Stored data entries
● ● ● ●

(* Let $T$ be a lifted graph, $F\colon T\to T$ a continuous sun-like map of degree 1, ${\cal P}$ a basic partition of $F$ and ${\cal G}$ its covering graph. If $\alpha\to\beta$ is an arrow in ${\cal G}$ and $A\in{\cal P}$ satisfies $\langle\alpha\rangle\subset A$, then $\langle\alpha\rangle$ positively $F$-covers $\langle\beta\rangle+p(A)$.
   Context: A lifted graph is a connected topological space $T$ with a homeomorphism $h\colon\mathbb R\to h(\mathbb R)\subset T$ and a homeomorphism $\tau\colon T\to T$ such that $\tau(h(x))=h(x+1)$, the closure of each connected component of $T\setminus h(\mathbb R)$ is a topological finite graph meeting $h(\mathbb R)$ in exactly one point, and only finitely many such components have closure meeting $h([0,1])$. Identify $h(\mathbb R)$ with $\mathbb R$, write $x+m:=\tau^m(x)$; $r_{\mathbb R}\colon T\to\mathbb R$ is the identity on $\mathbb R$ and maps a component $C$ of $T\setminus\mathbb R$ to the point $\overline C\cap\mathbb R$. $F$ has degree 1 if $F(x+1)=F(x)+1$. Let $T_{\mathbb R}:=\overline{\bigcup_{n\ge0}F^n(\mathbb R)}$, $X:=\overline{T\setminus T_{\mathbb R}}\cap r_{\mathbb R}^{-1}([0,1))$. $F$ is sun-like if $(T\setminus T_{\mathbb R})\cap r_{\mathbb R}^{-1}([0,1))$ consists of finitely many intervals with pairwise disjoint closures $X^i$, $i\in\Lambda$ (branches), each a compact interval meeting $T_{\mathbb R}$ in one endpoint $\min X^i$ (fixing the order of $X^i$). For $j\in\Lambda$, $r_j\colon T\to X^j$ is $r_j(x)=x$ for $x\in X^j$ and $r_j(x)=\min X^j$ otherwise. Positive covering: for nonempty compact intervals $I\subset X^i$, $J\subset X^j$, $n\ge1$ and $p\in\mathbb Z$, $I$ positively $F^n$-covers $J+p$ if there exist $x\le y$ in $I$ (order of $X^i$) with $r_j(F^n(x)-p)\le\min J$ and $\max J\le r_j(F^n(y)-p)$ (order of $X^j$). A basic partition is a finite family ${\cal P}=\{X^i_j\}$ of pairwise disjoint nonempty compact intervals $X^i_1<\dots<X^i_{N_i}$ in $X^i$, with $\ell(X^i_j)\in\Lambda$, $p(X^i_j)\in\mathbb Z$, such that $F(X^i_j)\subset(X^{\ell(X^i_j)}+p(X^i_j))\cup\mathrm{Int}(T_{\mathbb R})$, $F(\min X^i_j)=\min X^{\ell(X^i_j)}+p(X^i_j)$, and $F(X\setminus\bigcup X^i_j)\cap(X+\mathbb Z)=\emptyset$. For $A_0,\dots,A_n\in{\cal P}$, $\langle A_0\dots A_n\rangle:=F^n(\{x\in T: F^i(x)\in A_i+\mathbb Z,\ 0\le i\le n\})\cap X$. $A_0\dots A_n\sim B_0\dots B_m$ iff for some $k\le\min(n,m)$, $A_{n-i}=B_{m-i}$ ($0\le i\le k$) and $\langle A_0\dots A_{n-k}\rangle=A_{n-k}=B_{m-k}=\langle B_0\dots B_{m-k}\rangle$; then $\langle\cdot\rangle$ is well defined on classes. The covering graph ${\cal G}$: vertices are classes $A_0\dots A_n/\!\sim$ with $\langle A_0\dots A_n\rangle\ne\emptyset$; arrow $\alpha\to\beta$ iff $\alpha=A_0\dots A_n/\!\sim$, $\beta=A_0\dots A_nA_{n+1}/\!\sim$ for some $A_i\in{\cal P}$. *)

theory Defs
  imports "HOL-Analysis.Analysis"
begin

● ● ● ●

[Your instructions] Would you please restate all of the entries exactly?

[Your response]
(* Let $T$ be a lifted graph, $F\colon T\to T$ a continuous sun-like map of degree 1, ${\cal P}$ a basic partition of $F$ and ${\cal G}$ its covering graph. If $\alpha\to\beta$ is an arrow in ${\cal G}$ and $A\in{\cal P}$ satisfies $\langle\alpha\rangle\subset A$, then $\langle\alpha\rangle$ positively $F$-covers $\langle\beta\rangle+p(A)$.
   Context: A lifted graph is a connected topological space $T$ with a homeomorphism $h\colon\mathbb R\to h(\mathbb R)\subset T$ and a homeomorphism $\tau\colon T\to T$ such that $\tau(h(x))=h(x+1)$, the closure of each connected component of $T\setminus h(\mathbb R)$ is a topological finite graph meeting $h(\mathbb R)$ in exactly one point, and only finitely many such components have closure meeting $h([0,1])$. Identify $h(\mathbb R)$ with $\mathbb R$, write $x+m:=\tau^m(x)$; $r_{\mathbb R}\colon T\to\mathbb R$ is the identity on $\mathbb R$ and maps a component $C$ of $T\setminus\mathbb R$ to the point $\overline C\cap\mathbb R$. $F$ has degree 1 if $F(x+1)=F(x)+1$. Let $T_{\mathbb R}:=\overline{\bigcup_{n\ge0}F^n(\mathbb R)}$, $X:=\overline{T\setminus T_{\mathbb R}}\cap r_{\mathbb R}^{-1}([0,1))$. $F$ is sun-like if $(T\setminus T_{\mathbb R})\cap r_{\mathbb R}^{-1}([0,1))$ consists of finitely many intervals with pairwise disjoint closures $X^i$, $i\in\Lambda$ (branches), each a compact interval meeting $T_{\mathbb R}$ in one endpoint $\min X^i$ (fixing the order of $X^i$). For $j\in\Lambda$, $r_j\colon T\to X^j$ is $r_j(x)=x$ for $x\in X^j$ and $r_j(x)=\min X^j$ otherwise. Positive covering: for nonempty compact intervals $I\subset X^i$, $J\subset X^j$, $n\ge1$ and $p\in\mathbb Z$, $I$ positively $F^n$-covers $J+p$ if there exist $x\le y$ in $I$ (order of $X^i$) with $r_j(F^n(x)-p)\le\min J$ and $\max J\le r_j(F^n(y)-p)$ (order of $X^j$). A basic partition is a finite family ${\cal P}=\{X^i_j\}$ of pairwise disjoint nonempty compact intervals $X^i_1<\dots<X^i_{N_i}$ in $X^i$, with $\ell(X^i_j)\in\Lambda$, $p(X^i_j)\in\mathbb Z$, such that $F(X^i_j)\subset(X^{\ell(X^i_j)}+p(X^i_j))\cup\mathrm{Int}(T_{\mathbb R})$, $F(\min X^i_j)=\min X^{\ell(X^i_j)}+p(X^i_j)$, and $F(X\setminus\bigcup X^i_j)\cap(X+\mathbb Z)=\emptyset$. For $A_0,\dots,A_n\in{\cal P}$, $\langle A_0\dots A_n\rangle:=F^n(\{x\in T: F^i(x)\in A_i+\mathbb Z,\ 0\le i\le n\})\cap X$. $A_0\dots A_n\sim B_0\dots B_m$ iff for some $k\le\min(n,m)$, $A_{n-i}=B_{m-i}$ ($0\le i\le k$) and $\langle A_0\dots A_{n-k}\rangle=A_{n-k}=B_{m-k}=\langle B_0\dots B_{m-k}\rangle$; then $\langle\cdot\rangle$ is well defined on classes. The covering graph ${\cal G}$: vertices are classes $A_0\dots A_n/\!\sim$ with $\langle A_0\dots A_n\rangle\ne\emptyset$; arrow $\alpha\to\beta$ iff $\alpha=A_0\dots A_n/\!\sim$, $\beta=A_0\dots A_nA_{n+1}/\!\sim$ for some $A_i\in{\cal P}$. *)

theory Defs
  imports "HOL-Analysis.Analysis"
begin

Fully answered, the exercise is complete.